Is this what this feels like- redemption or some salvation? Have I confused my table confidence with other situations enough to think I can pull a bluff over destiny? This isn’t the glow of redemption or salvation- this isn’t a good feeling. This is the hungry monster dragging his knuckles over the felted surfaces of my skull, heckling me to check through another hand, because I still have a bet to make.
I can’t push all in without her, and, I ask myself, is that what I am waiting for? Am I waiting for her to materialize as the last darkly-colored chip, and toss her in? Am I revolting to wonder?
I think so, closing the screen against it’s keys. I turn to her and smile, as she still lays in perfect time-stopping beauty. I gently put my hand against her cheek and kiss her lips. She hums moaning from behind the walls of sleep, and I hope she feels me. I hope she feels my tired, worried heart- growing dark with constant disappointment and betrayal. I hope she still sees the good man I believe I have the potential of being, behind the monster mask. I hope she’s not like me, and wonders where did her husband go so wrong?
I put the card games away, if just for the few hours of sleep, and I begin to relax in the darkness beside her, with the same questions coming to the forefront of my mind. And, as my eyes close, opening my mind, I travel back for a sudden moment and look to answer a few things.
Beep... Beep...“So, you are another one of those MIT, mother fuckers?” a twenty-something Jack Goddard asks, holding a cheap beer bottle in his hand. “Code words? Card counting? Like all that Casino movie bullshit?”
The young Goddard takes the last sip of the green bottle and taps the empty container against the arm of the out-dated fashion sofa. An unbelievably large fraternity insignia stretches over the wall behind him.

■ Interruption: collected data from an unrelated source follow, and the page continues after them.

lemma QM_block_inverse:
  fixes a b c :: nat and th al ga :: "nat \<Rightarrow> real" and W S :: "real mat"
  assumes W: "W \<in> carrier_mat c b" and S: "S \<in> carrier_mat c c"
    and th: "\<And>j. j < a \<Longrightarrow> th j \<noteq> 0" and ga: "\<And>j. j < b \<Longrightarrow> ga j \<noteq> 0"
  defines "Q \<equiv> four_block_mat (mat_diag a (\<lambda>j. 1 / al j)) (0\<^sub>m a (b + c)) (0\<^sub>m (b + c) a)
      (four_block_mat (mat_diag b (\<lambda>j. 1 / ga j)) (- transpose_mat W) (0\<^sub>m c b) S)"
    and "M \<equiv> four_block_mat (mat_diag a th) (0\<^sub>m a (b + c)) (0\<^sub>m (b + c) a)
      (four_block_mat (1\<^sub>m b) (- (mat_diag b ga * transpose_mat W)) (0\<^sub>m c b) (1\<^sub>m c))"
    and "H \<equiv> four_block_mat (mat_diag a (\<lambda>j. 1 / (al j * th j))) (0\<^sub>m a (b + c)) (0\<^sub>m (b + c) a)
      (four_block_mat (mat_diag b (\<lambda>j. 1 / ga j)) (0\<^sub>m b c) (0\<^sub>m c b) S)"
  shows "invertible_mat M \<and> H * M = Q \<and> Q * mat_inv M = H"
proof (intro conjI)
  have M: "M \<in> carrier_mat (a + (b + c)) (a + (b + c))" unfolding M_def by simp
  have "upper_triangular M"
    unfolding M_def
    by (intro upper_triangular_four_block upper_triangular_mat_diag) (use W in auto)
  moreover have "diag_mat M = map th [0..<a] @ replicate (b + c) 1"
    unfolding M_def diag_four_block_mat[OF mat_diag_dim four_block_carrier_mat[OF one_carrier_mat
        one_carrier_mat]] diag_four_block_mat[OF one_carrier_mat one_carrier_mat]
    by (simp add: diag_mat_mat_diag replicate_add)
  ultimately have "det M = prod_list (map th [0..<a])"
    using det_upper_triangular[OF _ M] by simp
  then have det: "det M \<noteq> 0" using th by (auto simp: prod_list_zero_iff)
  note Minv = mat_inv_if_det_nonzero[OF M det]
  show "invertible_mat M" by (rule Minv(1))
  have "mat_diag a (\<lambda>j. 1 / (al j * th j)) * mat_diag a th = mat_diag a (\<lambda>j. 1 / al j)"
    unfolding mat_diag_diag using th by (intro mat_diag_cong) simp
  moreover have "mat_diag b (\<lambda>j. 1 / ga j) * mat_diag b ga = 1\<^sub>m b"
    unfolding mat_diag_diag mat_diag_one[symmetric] using ga by (intro mat_diag_cong) simp
  ultimately show HM: "H * M = Q"
    unfolding H_def M_def Q_def
    using W S by (subst mult_four_block_diag[of _ a a _ "b + c" "b + c" _ a _ "b + c"])
      (auto simp: four_block_diag_mult_shear)
  have H: "H \<in> carrier_mat (a + (b + c)) (a + (b + c))" unfolding H_def using S by simp
  have "Q * mat_inv M = H * M * mat_inv M" using HM by simp
  also have "\<dots> = H * (M * mat_inv M)" by (rule assoc_mult_mat[OF H M Minv(4)])
  finally show "Q * mat_inv M = H" using Minv(2) H by simp
qed

lemma QM_block_gap:
  fixes a b c :: nat and th al ga :: "nat \<Rightarrow> real" and W S :: "real mat"
  assumes W: "W \<in> carrier_mat c b" and S: "S \<in> carrier_mat c c" and S_sym: "transpose_mat S = S"
    and ga: "\<And>j. j < b \<Longrightarrow> ga j \<noteq> 0"
  defines "Q \<equiv> four_block_mat (mat_diag a (\<lambda>j. 1 / al j)) (0\<^sub>m a (b + c)) (0\<^sub>m (b + c) a)
      (four_block_mat (mat_diag b (\<lambda>j. 1 / ga j)) (- transpose_mat W) (0\<^sub>m c b) S)"
    and "M \<equiv> four_block_mat (mat_diag a th) (0\<^sub>m a (b + c)) (0\<^sub>m (b + c) a)
      (four_block_mat (1\<^sub>m b) (- (mat_diag b ga * transpose_mat W)) (0\<^sub>m c b) (1\<^sub>m c))"
  shows "transpose_mat Q + Q - transpose_mat M * Q
    = four_block_mat (mat_diag a (\<lambda>j. (2 - th j) / al j)) (0\<^sub>m a (b + c)) (0\<^sub>m (b + c) a)
        (four_block_mat (mat_diag b (\<lambda>j. 1 / ga j)) (0\<^sub>m b c) (0\<^sub>m c b)
          (S - W * mat_diag b ga * transpose_mat W))"
proof -
  define Q2 where "Q2 = four_block_mat (mat_diag b (\<lambda>j. 1 / ga j)) (- transpose_mat W) (0\<^sub>m c b) S"
  define M2 where "M2 = four_block_mat (1\<^sub>m b) (- (mat_diag b ga * transpose_mat W)) (0\<^sub>m c b) (1\<^sub>m c)"
  have Q2: "Q2 \<in> carrier_mat (b + c) (b + c)" and M2: "M2 \<in> carrier_mat (b + c) (b + c)"
    unfolding Q2_def M2_def using S by auto
  have "mat_diag b ga * mat_diag b (\<lambda>j. 1 / ga j) = 1\<^sub>m b"
    unfolding mat_diag_diag mat_diag_one[symmetric] using ga by (intro mat_diag_cong) simp
  then have gap2: "transpose_mat Q2 + Q2 - transpose_mat M2 * Q2
    = four_block_mat (mat_diag b (\<lambda>j. 1 / ga j)) (0\<^sub>m b c) (0\<^sub>m c b) (S - W * mat_diag b ga * transpose_mat W)"
    unfolding Q2_def M2_def using W S S_sym by (intro four_block_shear_gap) auto
  have gap1: "mat_diag a (\<lambda>j. 1 / al j) + mat_diag a (\<lambda>j. 1 / al j) - mat_diag a th * mat_diag a (\<lambda>j. 1 / al j)
    = mat_diag a (\<lambda>j. (2 - th j) / al j)"
    unfolding mat_diag_diag mat_diag_add mat_diag_minus by (intro mat_diag_cong) (simp add: diff_divide_distrib)
  have carriers: "transpose_mat Q2 + Q2 \<in> carrier_mat (b + c) (b + c)"
    "transpose_mat M2 * Q2 \<in> carrier_mat (b + c) (b + c)"
    "mat_diag a th * mat_diag a (\<lambda>j. 1 / al j) \<in> carrier_mat a a"
    using Q2 M2 by (auto intro!: mult_carrier_mat[of _ _ "b + c"] mult_carrier_mat[of _ a a])
  show ?thesis
    unfolding Q_def M_def Q2_def[symmetric] M2_def[symmetric]
    using Q2 M2 carriers
    by (simp add: transpose_four_block_diag[of _ a a _ "b + c" "b + c"]
        mult_four_block_diag[of _ a a _ "b + c" "b + c" _ a _ "b + c"]
        add_four_block_diag[of _ a a _ "b + c" "b + c"] minus_four_block_diag[of _ a a _ "b + c" "b + c"]
        gap1 gap2 del: mat_diag_diag)
qed

lemma QM_block_loewner:
  fixes a b c :: nat and th al ga :: "nat \<Rightarrow> real" and W S :: "real mat"
  assumes W: "W \<in> carrier_mat c b" and S: "S \<in> carrier_mat c c" and S_sym: "transpose_mat S = S"
    and th: "\<And>j. j < a \<Longrightarrow> 0 < th j \<and> th j < 2" and al: "\<And>j. j < a \<Longrightarrow> 0 < al j"
    and ga: "\<And>j. j < b \<Longrightarrow> 0 < ga j"
    and pd_S: "pd (S - W * mat_diag b ga * transpose_mat W)"
  shows "let Q = block3 (mat_diag a (\<lambda>j. 1 / al j)) (0\<^sub>m a b) (0\<^sub>m a c)
                   (0\<^sub>m b a) (mat_diag b (\<lambda>j. 1 / ga j)) (- transpose_mat W)
                   (0\<^sub>m c a) (0\<^sub>m c b) S;
             M = block3 (mat_diag a th) (0\<^sub>m a b) (0\<^sub>m a c)
                   (0\<^sub>m b a) (1\<^sub>m b) (- (mat_diag b ga * transpose_mat W))
                   (0\<^sub>m c a) (0\<^sub>m c b) (1\<^sub>m c);
             H = Q * mat_inv M;
             D = transpose_mat Q + Q - transpose_mat M * H * M
         in invertible_mat M \<and> loewner_ge H D \<and> pd D"
proof -
  define Q where "Q = four_block_mat (mat_diag a (\<lambda>j. 1 / al j)) (0\<^sub>m a (b + c)) (0\<^sub>m (b + c) a)
      (four_block_mat (mat_diag b (\<lambda>j. 1 / ga j)) (- transpose_mat W) (0\<^sub>m c b) S)"
  define M where "M = four_block_mat (mat_diag a th) (0\<^sub>m a (b + c)) (0\<^sub>m (b + c) a)
      (four_block_mat (1\<^sub>m b) (- (mat_diag b ga * transpose_mat W)) (0\<^sub>m c b) (1\<^sub>m c))"
  define H where "H = four_block_mat (mat_diag a (\<lambda>j. 1 / (al j * th j))) (0\<^sub>m a (b + c)) (0\<^sub>m (b + c) a)
      (four_block_mat (mat_diag b (\<lambda>j. 1 / ga j)) (0\<^sub>m b c) (0\<^sub>m c b) S)"
  define X where "X = W * mat_diag b ga * transpose_mat W"
  define D where "D = four_block_mat (mat_diag a (\<lambda>j. (2 - th j) / al j)) (0\<^sub>m a (b + c)) (0\<^sub>m (b + c) a)
      (four_block_mat (mat_diag b (\<lambda>j. 1 / ga j)) (0\<^sub>m b c) (0\<^sub>m c b) (S - X))"
  have X: "X \<in> carrier_mat c c" unfolding X_def using W by (intro mult_carrier_mat[of _ c b]) auto
  have SX: "S - X \<in> carrier_mat c c" by (rule minus_carrier_mat[OF X])
  have "invertible_mat M \<and> H * M = Q \<and> Q * mat_inv M = H"
    unfolding Q_def M_def H_def by (rule QM_block_inverse[OF W S]) (use th ga in force)+
  then have M_inv: "invertible_mat M" and HM: "H * M = Q" and QMinv: "Q * mat_inv M = H" by auto
  have block3_eqs:
    "block3 (mat_diag a (\<lambda>j. 1 / al j)) (0\<^sub>m a b) (0\<^sub>m a c) (0\<^sub>m b a) (mat_diag b (\<lambda>j. 1 / ga j))
       (- transpose_mat W) (0\<^sub>m c a) (0\<^sub>m c b) S = Q"
    "block3 (mat_diag a th) (0\<^sub>m a b) (0\<^sub>m a c) (0\<^sub>m b a) (1\<^sub>m b) (- (mat_diag b ga * transpose_mat W))
       (0\<^sub>m c a) (0\<^sub>m c b) (1\<^sub>m c) = M"
    unfolding Q_def M_def using W S by (auto intro!: block3_zero_corner)
  have M: "M \<in> carrier_mat (a + (b + c)) (a + (b + c))" unfolding M_def by simp
  have H: "H \<in> carrier_mat (a + (b + c)) (a + (b + c))" unfolding H_def using S by simp
  have "transpose_mat M * H * M = transpose_mat M * Q"
    using M H HM by (simp add: assoc_mult_mat[of _ "a + (b + c)" "a + (b + c)"])
  then have "transpose_mat Q + Q - transpose_mat M * H * M = transpose_mat Q + Q - transpose_mat M * Q"
    by simp
  also have "\<dots> = D"
    unfolding D_def X_def Q_def M_def by (rule QM_block_gap[OF W S S_sym]) (use ga in force)
  finally have D_eq: "transpose_mat Q + Q - transpose_mat M * H * M = D" .
  have "H - D = four_block_mat (mat_diag a (\<lambda>j. (1 - th j)\<^sup>2 / (al j * th j))) (0\<^sub>m a (b + c))
      (0\<^sub>m (b + c) a) (four_block_mat (0\<^sub>m b b) (0\<^sub>m b c) (0\<^sub>m c b) X)"
  proof -
    have gap1: "mat_diag a (\<lambda>j. 1 / (al j * th j)) - mat_diag a (\<lambda>j. (2 - th j) / al j)
        = mat_diag a (\<lambda>j. (1 - th j)\<^sup>2 / (al j * th j))"
      unfolding mat_diag_minus using th al
      by (intro mat_diag_cong) (force simp: field_simps power2_eq_square)
    have gap2: "four_block_mat (mat_diag b (\<lambda>j. 1 / ga j)) (0\<^sub>m b c) (0\<^sub>m c b) S
        - four_block_mat (mat_diag b (\<lambda>j. 1 / ga j)) (0\<^sub>m b c) (0\<^sub>m c b) (S - X)
        = four_block_mat (0\<^sub>m b b) (0\<^sub>m b c) (0\<^sub>m c b) X"
      using S X by (intro eq_matI) auto
    show ?thesis
      unfolding H_def D_def
      by (subst minus_four_block_diag[of _ a a _ "b + c" "b + c"]) (use S X gap1 gap2 in auto)
  qed
  moreover have "psd (four_block_mat (mat_diag a (\<lambda>j. (1 - th j)\<^sup>2 / (al j * th j))) (0\<^sub>m a (b + c))
      (0\<^sub>m (b + c) a) (four_block_mat (0\<^sub>m b b) (0\<^sub>m b c) (0\<^sub>m c b) X))"
  proof -
    have "0 \<le> (1 - th j)\<^sup>2 / (al j * th j)" if "j < a" for j
      using th[OF that] al[OF that] by simp
    moreover have "psd X"
      unfolding X_def by (rule psd_congruence[OF W mat_diag_dim psd_mat_diag]) (use ga in force)
    moreover have "0\<^sub>m b b = mat_diag b (\<lambda>_. 0 :: real)" by (rule eq_matI) auto
    ultimately show ?thesis using X by (simp add: psd_four_block_diag psd_mat_diag)
  qed
  moreover have "pd D"
    unfolding D_def using th al ga pd_S SX unfolding X_def
    by (intro pd_four_block_diag pd_mat_diag four_block_carrier_mat) auto
  moreover have "D \<in> carrier_mat (a + (b + c)) (a + (b + c))" unfolding D_def using SX by simp
  ultimately show ?thesis
    unfolding Let_def block3_eqs QMinv D_eq using M_inv M H by (simp add: loewner_ge_def)
qed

“That’s bullshit Blackjack, Jack,” the man replies, “We don’t play that shit.”
The man pushes his upper body over a cluttered table and lifts a book back to his seat, flinging the paperback at Jack. It hits his chest and rests on his lap, with a reluctant Goddard smiling and looking down, unsure of what he is expected to do.
“That’s probably a bit advanced for you,” the man starts, pointing at the untouched book. “But it’s a great reference for this. You’ll catch on quickly, and when you do, you are going to be buried in that thing. You’ll gobble up every last word, and wonder where you can learn more.”
Jack lifts the book from his lap and takes a quick glance at the simple, black, front cover. “Super System?”
“It’s the unholy poker bible- Texas Hold‘em mostly,” the friend introduces. “It’ll take that friendly, colorful, card game you would otherwise treat like a game of mother-fucking Uno with
Gram-Gram and Pop-Pop, and rip that whole fucking thing off it’s hinges.”
“What the hell are you talking about?” Jack laughs, thumbing through pages that appear to be in nothing but Greek- terms and references failing to be anything but foreign.
“…Ever see The Matrix?” he asks.
“Well, yea…”
“See,” the friend continues, leaning from his chair, into the direction of the open book. “That’s what that book will do. It’ll expose the math behind the game. It’ll erase the colors and pretty pictures, and replace it all with numbers and percentages- along with some advance thoughts about tournament play.”
Goddard closes the book, feeling a bit overwhelmed and out of place, and places it to the side. “Yea, I guess I’ll have to take a look at it, sometime.”
“I am talking about a lot of free floating money out there,” the frat brother insists. “There’s a ton of stupid businessmen out there, without knowledge of that book, just waiting to pay for your college debt.” He laughs at the analogy.
“What?” Jack’s doubt and suspicion continue to arise. “Come on now.”
“Well, why do you think, Jack?” he continues to explain. “What do these rich CEO’s and tourists expect going to casinos and games? They get free drinks, free food, and all the bleached blonde to gaze at. Jack, they are just looking for a good time. They’re not even watching their bank rolls. It's all just dead money, and literally foolproof.”
“You mean,” Goddard cuts in, reopening the introductory pages of the book. “You and whoever go into these games and always leave with wads of cash?”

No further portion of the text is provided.